Note also that appointing an editor from outside the United States (like me) is already a sizable step to enhance the diversity of authors and editors. I can assure you that the network of reviewers and advisors I have built up during the last two decades includes scientists from various cultures. Yet the circle of major players could be certainly enlarged just by open-minded diversity initiatives of the world’s major science organizations.  

In the end, I do not believe that diversity can be enhanced in a bottom-up fashion, just by circulating emails, social media messages, or blogs. I rather believe that active steps will be necessary. Concretely, this may take different forms. In addition to announcing relevant special issues and inviting contributions from underprivileged countries and subcultures, I particularly believe that lecturers and copy editors might help researchers from different cultures to optimize the quality of their papers before they are published.  

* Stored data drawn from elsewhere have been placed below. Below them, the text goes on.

(* The mechanism given by Algorithm 2 (defined in the context) is envy-free and risk-averse truthful, for any number $n\ge2$ of agents with piecewise-constant value density functions.
   Context: All value densities are piecewise-constant functions $[0,1]\to\mathbb{R}_{\ge0}$; $v_i(X)=\int_X f_i$. Algorithm 2: given reported $f_1,\dots,f_n$, let $X$ be the union over $i$ of the points of $(0,1)$ at which $f_i$ is discontinuous, sorted as $x_1<\dots<x_{m-1}$, with $x_0=0$, $x_m=1$. For each $j=0,\dots,m-1$ and each agent $i\in\{1,\dots,n\}$, let $k=(i+j-1)\bmod n\in\{0,\dots,n-1\}$; agent $i$ receives $[x_j+\frac{k}{n}(x_{j+1}-x_j),\,x_j+\frac{k+1}{n}(x_{j+1}-x_j))$; $A_i$ is the union over $j$ of these pieces. An allocation is envy-free if $v_i(A_i)\ge v_i(A_j)$ for all $i,j$ (w.r.t. reported densities). A mechanism $\mathcal{M}$ is risk-averse truthful if for each agent $i$, each true density $f_i$ and each report $f_i'$, at least one holds: (1) for all reports $f_{-i}=(f_j)_{j\ne i}$ of the others, $v_i(\mathcal{M}_i(f_i,f_{-i}))\ge v_i(\mathcal{M}_i(f_i',f_{-i}))$; (2) there exist $f_{-i}$ with $v_i(\mathcal{M}_i(f_i',f_{-i}))<\frac1n v_i([0,1])$ (utilities w.r.t. the true $f_i$). *)

theory Defs
  imports "HOL-Analysis.Analysis"
begin

definition piecewise_const_density :: "(real \<Rightarrow> real) \<Rightarrow> bool" where
  "piecewise_const_density f \<longleftrightarrow>
     (\<forall>x\<in>{0..1}. 0 \<le> f x) \<and>
     (\<exists>S. finite S \<and>
        (\<forall>x y. 0 \<le> x \<longrightarrow> x \<le> y \<longrightarrow> y \<le> 1 \<longrightarrow> {x..y} \<inter> S = {} \<longrightarrow> f x = f y))"

definition val :: "(real \<Rightarrow> real) \<Rightarrow> real set \<Rightarrow> real" where
  "val f X = integral X f"

definition disc_points :: "(real \<Rightarrow> real) \<Rightarrow> real set" where
  "disc_points f = {x \<in> {0<..<1}. \<not> isCont f x}"

definition breakpoints :: "nat \<Rightarrow> (nat \<Rightarrow> real \<Rightarrow> real) \<Rightarrow> real list" where
  "breakpoints n fs = [0] @ sorted_list_of_set (\<Union>i\<in>{1..n}. disc_points (fs i)) @ [1]"

text \<open>Algorithm 2: allocation of agent i (agents are 1..n).\<close>
definition alg2 :: "nat \<Rightarrow> (nat \<Rightarrow> real \<Rightarrow> real) \<Rightarrow> nat \<Rightarrow> real set" where
  "alg2 n fs i =
     (let xs = breakpoints n fs; m = length xs - 1 in
      \<Union>j<m. (let k = (i + j - 1) mod n; a = xs ! j; b = xs ! (j + 1) in
              {a + real k / real n * (b - a) ..< a + real (k + 1) / real n * (b - a)}))"

definition envy_free_mech :: "nat \<Rightarrow> ((nat \<Rightarrow> real \<Rightarrow> real) \<Rightarrow> nat \<Rightarrow> real set) \<Rightarrow> bool" where
  "envy_free_mech n M \<longleftrightarrow>
     (\<forall>fs. (\<forall>i\<in>{1..n}. piecewise_const_density (fs i)) \<longrightarrow>
        (\<forall>i\<in>{1..n}. \<forall>j\<in>{1..n}. val (fs i) (M fs i) \<ge> val (fs i) (M fs j)))"

definition risk_averse_truthful :: "nat \<Rightarrow> ((nat \<Rightarrow> real \<Rightarrow> real) \<Rightarrow> nat \<Rightarrow> real set) \<Rightarrow> bool" where
  "risk_averse_truthful n M \<longleftrightarrow>
     (\<forall>i\<in>{1..n}. \<forall>f f'. piecewise_const_density f \<longrightarrow> piecewise_const_density f' \<longrightarrow>
        ((\<forall>fs. (\<forall>j\<in>{1..n} - {i}. piecewise_const_density (fs j)) \<longrightarrow>
              val f (M (fs(i := f)) i) \<ge> val f (M (fs(i := f')) i))
         \<or>
         (\<exists>fs. (\<forall>j\<in>{1..n} - {i}. piecewise_const_density (fs j)) \<and>
              val f (M (fs(i := f')) i) < 1 / real n * val f {0..1})))"

end

theory Submission
  imports Defs
begin

(* On each interval between consecutive breakpoints every reported density is constant
   except at finitely many points, and every agent receives a 1/n-th subinterval of it.
   Hence every reported density values every bundle at exactly 1/n of [0,1]: the
   allocation is envy-free, and truth-telling always yields the proportional share.
   If some misreport f' ever yields more, the true density f has a jump d that is not a
   breakpoint of f'. The other agents can then report a density whose breakpoints isolate
   d in a short interval [a,b] and, through decoy breakpoints to the left of a, rotate
   the cyclic assignment so that the misreporting agent's piece of [a,b] is centred at d
   on the worse side of the jump. That agent then gets strictly less than 1/n of the value
   of [a,b] and exactly 1/n of every other interval. *)


lemma sorted_wrt_less_nth_mono:
  fixes xs :: "'a :: linorder list"
  shows "sorted_wrt (<) xs \<Longrightarrow> i \<le> j \<Longrightarrow> j < length xs \<Longrightarrow> xs ! i \<le> xs ! j"
  by (metis le_less sorted_wrt_nth_less)

lemma card_less_nth_sorted:
  fixes xs :: "'a :: linorder list"
  assumes "sorted_wrt (<) xs" "j < length xs"
  shows "card {p \<in> set xs. p < xs ! j} = j"
proof -
  have "{p \<in> set xs. p < xs ! j} = (!) xs ` {..<j}"
  proof (intro equalityI subsetI)
    fix p assume "p \<in> {p \<in> set xs. p < xs ! j}"
    then obtain q where "q < length xs" "p = xs ! q" "xs ! q < xs ! j"
      by (auto simp: in_set_conv_nth)
    moreover have "q < j"
      using calculation assms sorted_wrt_nth_less[OF assms(1), of j q] by (metis not_less_iff_gr_or_eq order.asym)
    ultimately show "p \<in> (!) xs ` {..<j}" by auto
  qed (use assms sorted_wrt_nth_less in fastforce)
  moreover have "inj_on ((!) xs) {..<j}"
    by (rule inj_on_nth) (use assms strict_sorted_iff in auto)
  ultimately show ?thesis by (simp add: card_image)
qed

lemma nth_card_less_sorted:
  fixes xs :: "'a :: linorder list"
  assumes "sorted_wrt (<) xs" "a \<in> set xs"
  shows "card {p \<in> set xs. p < a} < length xs" "xs ! card {p \<in> set xs. p < a} = a"
  using assms card_less_nth_sorted[OF assms(1)] by (auto simp: in_set_conv_nth)

lemma sorted_nth_gap:
  fixes xs :: "'a :: linorder list"
  assumes "sorted_wrt (<) xs" "j + 1 < length xs" "x \<in> set xs"
  shows "x \<notin> {xs ! j<..<xs ! (j + 1)}"
proof
  assume x: "x \<in> {xs ! j<..<xs ! (j + 1)}"
  obtain q where q: "q < length xs" "x = xs ! q"
    using assms(3) by (auto simp: in_set_conv_nth)
  show False
  proof (cases "q \<le> j")
    case True
    then show False using sorted_wrt_less_nth_mono[OF assms(1) True] q x assms(2) by (simp add: leD)
  next
    case False
    then have "j + 1 \<le> q" by simp
    then show False using sorted_wrt_less_nth_mono[OF assms(1)] q x by fastforce
  qed
qed

lemma sorted_nth_gaps_disjoint:
  fixes xs :: "'a :: linorder list"
  assumes "sorted_wrt (<) xs" "i + 1 < length xs" "j + 1 < length xs"
    "x \<in> {xs ! i<..<xs ! (i + 1)}" "x \<in> {xs ! j<..<xs ! (j + 1)}"
  shows "i = j"
proof (rule ccontr)
  have "xs ! (i + 1) \<le> xs ! j" if "i < j" "j < length xs" for i j
    using that sorted_wrt_less_nth_mono[OF assms(1), of "i + 1" j] by simp
  moreover assume "i \<noteq> j"
  ultimately show False
    using assms by (metis greaterThanLessThan_iff add_lessD1 leD less_trans linorder_neqE_nat)
qed

section \<open>Functions constant off a finite set\<close>

definition const_off_finite :: "(real \<Rightarrow> real) \<Rightarrow> real set \<Rightarrow> real \<Rightarrow> bool" where
  "const_off_finite f A c \<longleftrightarrow> (\<exists>F. finite F \<and> (\<forall>x\<in>A - F. f x = c))"

lemma const_off_finite_subset:
  "const_off_finite f A c \<Longrightarrow> B \<subseteq> A \<Longrightarrow> const_off_finite f B c"
  unfolding const_off_finite_def by blast

lemma const_off_finite_Un:
  "const_off_finite f A c \<Longrightarrow> const_off_finite f B c \<Longrightarrow> const_off_finite f (A \<union> B) c"
  unfolding const_off_finite_def by (metis Diff_iff Un_iff finite_UnI)

lemma const_off_finite_insert:
  "const_off_finite f A c \<Longrightarrow> const_off_finite f (insert x A) c"
  unfolding const_off_finite_def by (metis Diff_iff finite_insert insert_iff)

lemma has_integral_const_off_finite:
  fixes h :: "real \<Rightarrow> real"
  assumes "a \<le> b" "const_off_finite h {a<..<b} c"
  shows "(h has_integral c * (b - a)) {a..b}"
proof -
  obtain F where F: "finite F" "\<forall>x\<in>{a<..<b} - F. h x = c"
    using assms(2) unfolding const_off_finite_def by blast
  have "((\<lambda>x. c) has_integral c * (b - a)) {a..b}"
    using has_integral_const_real[of c a b] assms(1) by (simp add: mult.commute)
  then show ?thesis
    by (rule has_integral_spike_finite[where S = "F \<union> {a, b}", rotated 2]) (use F in auto)
qed

lemma has_integral_atLeastLessThan_iff:
  fixes h :: "real \<Rightarrow> real"
  shows "(h has_integral I) {a..<b} \<longleftrightarrow> (h has_integral I) {a..b}"
  by (rule has_integral_spike_set_eq; rule negligible_subset[of "{b}"]) auto

lemma has_integral_step:
  fixes h :: "real \<Rightarrow> real"
  assumes "s \<le> d" "d \<le> t" "const_off_finite h {s<..<d} L" "const_off_finite h {d<..<t} R"
  shows "(h has_integral L * (d - s) + R * (t - d)) {s..t}"
  using has_integral_combine[OF assms(1,2) has_integral_const_off_finite has_integral_const_off_finite]
    assms by blast

lemma tendsto_const_off_finite:
  assumes "const_off_finite f A L" "eventually (\<lambda>x. x \<in> A) (at d within S)"
  shows "(f \<longlongrightarrow> L) (at d within S)"
proof -
  obtain F where F: "finite F" "\<forall>x\<in>A - F. f x = L"
    using assms(1) unfolding const_off_finite_def by blast
  have "\<forall>p\<in>F. eventually (\<lambda>x. x \<noteq> p) (at d within S)"
    by (simp add: eventually_neq_at_within)
  then have "eventually (\<lambda>x. \<forall>p\<in>F. x \<noteq> p) (at d within S)"
    by (rule eventually_ball_finite[OF F(1)])
  with assms(2) have "eventually (\<lambda>x. f x = L) (at d within S)"
    by eventually_elim (use F(2) in blast)
  then show ?thesis by (rule tendsto_eventually)
qed

definition changes_only_at :: "real set \<Rightarrow> (real \<Rightarrow> real) \<Rightarrow> real \<Rightarrow> real \<Rightarrow> bool" where
  "changes_only_at T f a b \<longleftrightarrow>
     (\<forall>x y. a < x \<longrightarrow> x \<le> y \<longrightarrow> y < b \<longrightarrow> {x..y} \<inter> T = {} \<longrightarrow> f x = f y)"

definition jump_at :: "(real \<Rightarrow> real) \<Rightarrow> real \<Rightarrow> bool" where
  "jump_at f d \<longleftrightarrow> (\<exists>e>0. \<exists>L R. L \<noteq> R \<and>
     const_off_finite f {d - e<..<d} L \<and> const_off_finite f {d<..<d + e} R)"

lemma changes_only_at_mono:
  assumes "changes_only_at T f a b" "a \<le> a'" "b' \<le> b" "T \<inter> {a'<..<b'} \<subseteq> T'"
  shows "changes_only_at T' f a' b'"
  unfolding changes_only_at_def
proof (intro allI impI)
  fix x y assume xy: "a' < x" "x \<le> y" "y < b'" "{x..y} \<inter> T' = {}"
  then have "{x..y} \<inter> T = {}" using assms(4) by auto
  moreover have "a < x" "y < b" using xy assms(2,3) by simp_all
  ultimately show "f x = f y" using assms(1) xy(2) unfolding changes_only_at_def by blast
qed

lemma changes_only_at_const:
  assumes "changes_only_at T f a b" "T \<inter> {a<..<b} = {}" "x \<in> {a<..<b}" "y \<in> {a<..<b}"
  shows "f x = f y"
proof -
  have "f u = f v" if "u \<le> v" "u \<in> {a<..<b}" "v \<in> {a<..<b}" for u v
    using assms(1,2) that unfolding changes_only_at_def by fastforce
  then show ?thesis using assms(3,4) by (metis linear)
qed

lemma changes_only_at_const_off_finite:
  assumes "changes_only_at T f a b" "T \<inter> {a<..<b} = {}"
  shows "\<exists>c. const_off_finite f {a<..<b} c"
proof (cases "a < b")
  case True
  then have "const_off_finite f {a<..<b} (f ((a + b) / 2))"
    using changes_only_at_const[OF assms] unfolding const_off_finite_def by force
  then show ?thesis by blast
qed (auto simp: const_off_finite_def)

lemma const_or_jump_split:
  assumes "a < t" "t < b" "const_off_finite f {a<..<t} c1" "const_off_finite f {t<..<b} c2"
  shows "(\<exists>c. const_off_finite f {a<..<b} c) \<or> jump_at f t"
proof (cases "c1 = c2")
  case True
  have "{a<..<b} \<subseteq> {a<..<t} \<union> insert t {t<..<b}" by auto
  then show ?thesis
    using const_off_finite_Un[OF assms(3)[unfolded True] const_off_finite_insert[OF assms(4)]]
    by (metis const_off_finite_subset)
next
  case False
  let ?e = "min (t - a) (b - t)"
  have "const_off_finite f {t - ?e<..<t} c1" "const_off_finite f {t<..<t + ?e} c2"
    by (rule const_off_finite_subset[OF assms(3)], force,
        rule const_off_finite_subset[OF assms(4)], force)
  moreover have "?e > 0" using assms(1,2) by simp
  ultimately show ?thesis using False unfolding jump_at_def by blast
qed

In my comments on diversity, I am alluding not just to skin color, ethnic origins, and social orientations but also to the pluralism of science and openness to nonmainstream research, in the spirit of Hannah Arendt’s challenge to overcome conformity and obedience.  

What do you want prospective authors to consider when thinking about submitting to the journal and preparing their manuscripts? 

Fiedler: Two things come to mind. First, I would like to emphasize once more that I hope Perspectives will be a forum for positive messages focusing on the best exemplars of compelling research rather than negative messages complaining about embarrassing exemplars of weak research. Of course, if authors have good reasons to submit papers that convey skeptical arguments, I will handle their submissions fairly. 

Second, I would like prospective authors to beware of the trade-off between two criteria that a high-quality journal must meet simultaneously: It must oblige authors to the highest possible level of scientific scrutiny, and it must, at the same time, embrace pluralism and open-mindedness with regard to research topics, subdisciplinary rules, methodology, and affiliation with theoretical schools or vocational fields. If I may quote from our editorial: 

…perhaps the most important, superordinate principle of good science is pluralism and openness for an up-front deliberation of all viable standpoints… However, … pluralism is not a synonym for leniency, laissez-faire, or “everything goes.” For pluralism to help [Perspectives] foster the quality of science, it must be understood as a commonly shared obligation to substantiate and explain all diverse standpoints at the same high level of scrutiny. 

Prospective authors should keep this trade-off in mind. Although there can be no doubt that Perspectives is a highly selective journal with a demanding entry threshold, it intends to be open to unorthodox, unfamiliar, and nonmainstream research of all provenances. Suffice it to say that pluralism is also open to the old fundamental issues that have been of interest since the beginning of scientific psychology more than 100 years ago.